_Work to complete_
Search the material for lines containing the word "obtain", and copy each one.

___ Records

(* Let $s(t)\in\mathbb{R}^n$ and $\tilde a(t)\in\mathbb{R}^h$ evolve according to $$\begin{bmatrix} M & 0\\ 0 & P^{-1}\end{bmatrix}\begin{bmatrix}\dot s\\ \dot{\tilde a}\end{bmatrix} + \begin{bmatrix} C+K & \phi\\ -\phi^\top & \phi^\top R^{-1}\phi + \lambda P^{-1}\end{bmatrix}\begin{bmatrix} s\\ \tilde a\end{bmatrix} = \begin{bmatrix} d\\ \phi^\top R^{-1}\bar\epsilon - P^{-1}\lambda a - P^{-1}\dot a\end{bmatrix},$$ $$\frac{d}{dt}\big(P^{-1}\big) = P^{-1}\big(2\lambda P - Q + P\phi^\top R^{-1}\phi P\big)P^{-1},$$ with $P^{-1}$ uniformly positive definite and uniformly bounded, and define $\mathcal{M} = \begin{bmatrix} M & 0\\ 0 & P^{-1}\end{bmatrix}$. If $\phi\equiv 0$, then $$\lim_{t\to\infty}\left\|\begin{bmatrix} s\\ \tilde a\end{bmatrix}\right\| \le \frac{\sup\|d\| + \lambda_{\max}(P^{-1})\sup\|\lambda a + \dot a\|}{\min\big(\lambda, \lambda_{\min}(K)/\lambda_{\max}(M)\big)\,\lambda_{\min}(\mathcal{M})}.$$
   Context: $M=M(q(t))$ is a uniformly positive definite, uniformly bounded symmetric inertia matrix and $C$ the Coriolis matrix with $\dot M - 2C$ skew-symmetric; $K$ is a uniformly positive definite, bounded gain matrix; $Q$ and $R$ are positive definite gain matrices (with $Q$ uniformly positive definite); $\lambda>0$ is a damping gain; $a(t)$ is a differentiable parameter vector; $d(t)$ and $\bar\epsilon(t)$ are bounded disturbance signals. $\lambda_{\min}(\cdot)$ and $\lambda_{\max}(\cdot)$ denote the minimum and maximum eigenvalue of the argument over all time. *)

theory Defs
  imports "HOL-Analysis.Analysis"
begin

______
___ Records

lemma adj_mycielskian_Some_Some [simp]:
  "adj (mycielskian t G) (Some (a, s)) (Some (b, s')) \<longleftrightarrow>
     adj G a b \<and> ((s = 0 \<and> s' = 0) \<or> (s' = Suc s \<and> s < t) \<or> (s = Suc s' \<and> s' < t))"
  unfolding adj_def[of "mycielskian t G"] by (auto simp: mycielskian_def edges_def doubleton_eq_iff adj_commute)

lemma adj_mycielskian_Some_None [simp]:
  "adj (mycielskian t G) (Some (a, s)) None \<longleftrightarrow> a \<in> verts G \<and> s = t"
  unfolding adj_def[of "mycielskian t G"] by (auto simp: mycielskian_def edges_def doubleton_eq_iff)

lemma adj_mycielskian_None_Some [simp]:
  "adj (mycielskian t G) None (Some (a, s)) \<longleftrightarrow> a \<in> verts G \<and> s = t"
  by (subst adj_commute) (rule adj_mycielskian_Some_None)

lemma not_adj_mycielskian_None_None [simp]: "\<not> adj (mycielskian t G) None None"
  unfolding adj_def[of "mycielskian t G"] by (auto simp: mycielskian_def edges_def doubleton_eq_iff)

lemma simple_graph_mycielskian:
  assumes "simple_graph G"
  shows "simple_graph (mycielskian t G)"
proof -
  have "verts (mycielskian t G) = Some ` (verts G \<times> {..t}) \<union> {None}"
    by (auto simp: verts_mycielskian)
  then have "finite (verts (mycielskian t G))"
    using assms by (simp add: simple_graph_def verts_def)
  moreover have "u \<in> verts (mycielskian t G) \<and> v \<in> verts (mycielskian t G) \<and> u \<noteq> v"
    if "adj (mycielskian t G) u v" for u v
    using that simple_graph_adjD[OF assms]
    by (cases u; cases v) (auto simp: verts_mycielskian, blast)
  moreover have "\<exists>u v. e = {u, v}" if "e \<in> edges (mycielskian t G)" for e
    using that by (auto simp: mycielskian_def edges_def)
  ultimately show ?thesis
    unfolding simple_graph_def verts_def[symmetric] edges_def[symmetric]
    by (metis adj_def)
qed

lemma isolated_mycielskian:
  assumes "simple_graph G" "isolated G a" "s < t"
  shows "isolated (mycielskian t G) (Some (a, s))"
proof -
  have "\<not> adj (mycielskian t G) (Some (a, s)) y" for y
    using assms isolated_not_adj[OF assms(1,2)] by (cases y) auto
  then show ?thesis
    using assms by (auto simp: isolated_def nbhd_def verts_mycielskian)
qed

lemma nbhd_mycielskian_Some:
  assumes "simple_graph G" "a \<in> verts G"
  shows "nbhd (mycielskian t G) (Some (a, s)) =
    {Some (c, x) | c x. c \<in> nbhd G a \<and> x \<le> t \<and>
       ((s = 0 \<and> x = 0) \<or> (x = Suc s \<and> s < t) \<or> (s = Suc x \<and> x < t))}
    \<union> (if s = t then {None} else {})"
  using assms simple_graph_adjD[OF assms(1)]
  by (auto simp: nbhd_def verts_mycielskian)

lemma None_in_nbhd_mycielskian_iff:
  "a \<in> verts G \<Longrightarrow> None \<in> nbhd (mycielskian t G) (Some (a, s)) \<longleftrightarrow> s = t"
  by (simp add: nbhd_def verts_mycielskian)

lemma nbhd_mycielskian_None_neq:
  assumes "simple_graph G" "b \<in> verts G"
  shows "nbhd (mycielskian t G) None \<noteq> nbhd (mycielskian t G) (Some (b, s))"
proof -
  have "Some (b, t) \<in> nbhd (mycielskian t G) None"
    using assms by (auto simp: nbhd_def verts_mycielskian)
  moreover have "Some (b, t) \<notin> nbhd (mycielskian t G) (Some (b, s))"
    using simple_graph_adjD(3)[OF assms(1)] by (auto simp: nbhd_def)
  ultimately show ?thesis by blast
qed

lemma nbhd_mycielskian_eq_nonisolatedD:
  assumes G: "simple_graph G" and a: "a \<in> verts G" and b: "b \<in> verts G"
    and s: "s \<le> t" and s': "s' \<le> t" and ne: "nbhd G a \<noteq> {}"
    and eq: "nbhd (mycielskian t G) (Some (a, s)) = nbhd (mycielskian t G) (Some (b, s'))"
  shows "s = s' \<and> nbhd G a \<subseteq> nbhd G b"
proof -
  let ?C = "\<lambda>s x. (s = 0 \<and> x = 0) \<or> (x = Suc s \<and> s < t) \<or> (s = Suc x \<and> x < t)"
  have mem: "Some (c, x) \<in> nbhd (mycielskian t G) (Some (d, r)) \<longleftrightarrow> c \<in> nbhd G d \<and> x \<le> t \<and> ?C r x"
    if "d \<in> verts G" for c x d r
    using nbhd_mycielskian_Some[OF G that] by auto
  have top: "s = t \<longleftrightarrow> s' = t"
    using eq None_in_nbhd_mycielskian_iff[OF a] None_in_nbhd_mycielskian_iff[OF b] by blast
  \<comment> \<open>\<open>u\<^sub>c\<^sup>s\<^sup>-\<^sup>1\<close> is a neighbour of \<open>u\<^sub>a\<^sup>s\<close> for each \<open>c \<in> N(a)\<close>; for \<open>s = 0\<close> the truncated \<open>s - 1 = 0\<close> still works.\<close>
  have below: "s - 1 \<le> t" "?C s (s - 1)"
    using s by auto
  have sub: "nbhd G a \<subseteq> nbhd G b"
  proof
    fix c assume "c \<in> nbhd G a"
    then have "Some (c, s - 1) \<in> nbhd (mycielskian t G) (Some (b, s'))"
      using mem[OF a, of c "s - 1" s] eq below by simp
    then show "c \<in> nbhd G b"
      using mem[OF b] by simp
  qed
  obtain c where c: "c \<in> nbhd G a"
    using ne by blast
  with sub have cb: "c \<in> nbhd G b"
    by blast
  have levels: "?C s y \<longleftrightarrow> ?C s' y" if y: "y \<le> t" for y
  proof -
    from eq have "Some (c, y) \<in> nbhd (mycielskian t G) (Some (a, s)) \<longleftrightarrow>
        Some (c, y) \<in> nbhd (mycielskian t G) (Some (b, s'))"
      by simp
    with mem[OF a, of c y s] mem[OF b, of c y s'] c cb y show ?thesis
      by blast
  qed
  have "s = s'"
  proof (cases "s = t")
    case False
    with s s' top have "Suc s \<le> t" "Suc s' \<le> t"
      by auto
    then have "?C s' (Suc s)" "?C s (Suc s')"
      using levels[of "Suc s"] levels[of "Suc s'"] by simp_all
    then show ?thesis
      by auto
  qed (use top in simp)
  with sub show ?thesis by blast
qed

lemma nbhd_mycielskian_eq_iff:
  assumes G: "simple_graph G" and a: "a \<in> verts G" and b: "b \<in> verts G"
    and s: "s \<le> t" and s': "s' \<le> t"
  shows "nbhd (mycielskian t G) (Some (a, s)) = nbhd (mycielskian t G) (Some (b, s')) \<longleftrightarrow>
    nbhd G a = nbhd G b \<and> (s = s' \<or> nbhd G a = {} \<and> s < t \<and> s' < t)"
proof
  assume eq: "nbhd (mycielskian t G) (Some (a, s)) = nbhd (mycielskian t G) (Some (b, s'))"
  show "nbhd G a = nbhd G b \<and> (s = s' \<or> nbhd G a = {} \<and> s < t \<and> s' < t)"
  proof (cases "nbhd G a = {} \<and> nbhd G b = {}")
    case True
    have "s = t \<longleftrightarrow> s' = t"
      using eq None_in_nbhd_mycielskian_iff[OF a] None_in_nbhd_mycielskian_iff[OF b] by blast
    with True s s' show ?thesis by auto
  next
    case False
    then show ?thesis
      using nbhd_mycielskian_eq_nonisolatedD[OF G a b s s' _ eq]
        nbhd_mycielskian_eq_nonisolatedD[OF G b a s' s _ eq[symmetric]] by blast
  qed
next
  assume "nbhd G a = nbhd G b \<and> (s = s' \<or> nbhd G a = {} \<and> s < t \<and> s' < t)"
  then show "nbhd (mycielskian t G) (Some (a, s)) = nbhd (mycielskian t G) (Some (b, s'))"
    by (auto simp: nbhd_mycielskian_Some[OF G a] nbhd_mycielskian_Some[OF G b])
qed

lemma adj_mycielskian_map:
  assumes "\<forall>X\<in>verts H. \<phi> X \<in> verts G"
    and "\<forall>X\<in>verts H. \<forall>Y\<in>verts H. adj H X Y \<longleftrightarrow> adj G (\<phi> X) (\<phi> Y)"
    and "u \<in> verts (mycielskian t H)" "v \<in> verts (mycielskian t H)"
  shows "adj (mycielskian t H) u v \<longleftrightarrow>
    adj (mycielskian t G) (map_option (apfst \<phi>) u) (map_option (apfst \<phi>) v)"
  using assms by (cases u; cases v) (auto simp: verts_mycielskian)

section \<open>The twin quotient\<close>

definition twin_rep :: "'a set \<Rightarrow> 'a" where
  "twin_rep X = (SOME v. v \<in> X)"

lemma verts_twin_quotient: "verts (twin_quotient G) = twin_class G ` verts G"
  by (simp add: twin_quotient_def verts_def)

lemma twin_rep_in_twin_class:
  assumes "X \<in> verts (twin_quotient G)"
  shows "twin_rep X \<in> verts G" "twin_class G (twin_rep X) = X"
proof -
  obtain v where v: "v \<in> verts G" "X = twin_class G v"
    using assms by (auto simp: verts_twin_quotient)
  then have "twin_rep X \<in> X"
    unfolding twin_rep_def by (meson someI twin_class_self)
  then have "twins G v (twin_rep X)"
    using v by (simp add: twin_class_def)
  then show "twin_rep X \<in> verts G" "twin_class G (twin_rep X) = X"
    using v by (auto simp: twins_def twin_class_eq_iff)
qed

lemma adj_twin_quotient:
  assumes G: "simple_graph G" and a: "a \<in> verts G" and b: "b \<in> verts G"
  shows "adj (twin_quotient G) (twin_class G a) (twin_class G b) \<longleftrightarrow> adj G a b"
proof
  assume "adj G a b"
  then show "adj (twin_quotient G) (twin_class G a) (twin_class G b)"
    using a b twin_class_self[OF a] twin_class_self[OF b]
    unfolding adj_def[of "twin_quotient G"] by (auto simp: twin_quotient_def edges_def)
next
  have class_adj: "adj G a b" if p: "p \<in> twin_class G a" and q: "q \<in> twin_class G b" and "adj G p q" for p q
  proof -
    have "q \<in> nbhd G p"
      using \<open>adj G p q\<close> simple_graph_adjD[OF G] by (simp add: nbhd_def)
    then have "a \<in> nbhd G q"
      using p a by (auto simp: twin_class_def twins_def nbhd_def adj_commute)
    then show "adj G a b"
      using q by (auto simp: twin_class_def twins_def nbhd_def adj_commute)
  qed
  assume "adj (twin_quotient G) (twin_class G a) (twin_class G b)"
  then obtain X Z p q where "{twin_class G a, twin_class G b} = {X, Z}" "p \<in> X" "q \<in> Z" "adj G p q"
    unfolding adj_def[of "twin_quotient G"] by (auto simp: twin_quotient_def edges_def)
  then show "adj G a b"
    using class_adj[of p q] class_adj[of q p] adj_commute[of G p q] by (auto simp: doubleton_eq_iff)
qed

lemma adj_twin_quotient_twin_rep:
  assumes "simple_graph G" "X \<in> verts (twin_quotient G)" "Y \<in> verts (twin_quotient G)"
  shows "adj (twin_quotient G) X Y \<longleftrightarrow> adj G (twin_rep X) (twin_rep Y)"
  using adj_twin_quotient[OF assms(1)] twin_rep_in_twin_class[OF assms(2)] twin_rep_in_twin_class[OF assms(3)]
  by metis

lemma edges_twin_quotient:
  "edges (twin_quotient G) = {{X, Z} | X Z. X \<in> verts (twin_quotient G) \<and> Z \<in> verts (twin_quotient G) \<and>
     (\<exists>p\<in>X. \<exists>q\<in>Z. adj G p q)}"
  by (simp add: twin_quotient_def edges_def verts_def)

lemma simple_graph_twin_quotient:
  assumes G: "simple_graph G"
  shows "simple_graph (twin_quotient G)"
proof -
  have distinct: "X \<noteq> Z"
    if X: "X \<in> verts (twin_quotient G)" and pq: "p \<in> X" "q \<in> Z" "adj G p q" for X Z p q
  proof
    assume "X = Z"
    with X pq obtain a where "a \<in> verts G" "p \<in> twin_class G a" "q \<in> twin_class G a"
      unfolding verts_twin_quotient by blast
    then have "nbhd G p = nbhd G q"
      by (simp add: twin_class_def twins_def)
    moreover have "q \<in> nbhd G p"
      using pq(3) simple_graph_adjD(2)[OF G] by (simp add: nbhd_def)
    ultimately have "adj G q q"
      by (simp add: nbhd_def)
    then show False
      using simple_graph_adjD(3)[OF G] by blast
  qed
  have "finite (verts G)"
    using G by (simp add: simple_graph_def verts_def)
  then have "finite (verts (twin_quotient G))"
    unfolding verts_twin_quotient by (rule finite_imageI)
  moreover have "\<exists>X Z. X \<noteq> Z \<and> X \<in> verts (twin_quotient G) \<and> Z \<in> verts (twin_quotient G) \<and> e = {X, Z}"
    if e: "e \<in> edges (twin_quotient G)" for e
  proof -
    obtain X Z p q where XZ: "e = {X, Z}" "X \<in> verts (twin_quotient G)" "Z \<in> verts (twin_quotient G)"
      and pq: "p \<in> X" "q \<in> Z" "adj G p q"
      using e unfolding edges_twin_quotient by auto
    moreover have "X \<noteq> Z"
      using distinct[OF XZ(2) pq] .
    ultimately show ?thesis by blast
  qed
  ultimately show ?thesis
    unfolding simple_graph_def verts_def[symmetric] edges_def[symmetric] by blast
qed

______

_Written answer_
  obtain c where c: "c \<in> nbhd G a"
  obtain v where v: "v \<in> verts G" "X = twin_class G v"
  then obtain X Z p q where "{twin_class G a, twin_class G b} = {X, Z}" "p \<in> X" "q \<in> Z" "adj G p q"
    with X pq obtain a where "a \<in> verts G" "p \<in> twin_class G a" "q \<in> twin_class G a"
    obtain X Z p q where XZ: "e = {X, Z}" "X \<in> verts (twin_quotient G)" "Z \<in> verts (twin_quotient G)"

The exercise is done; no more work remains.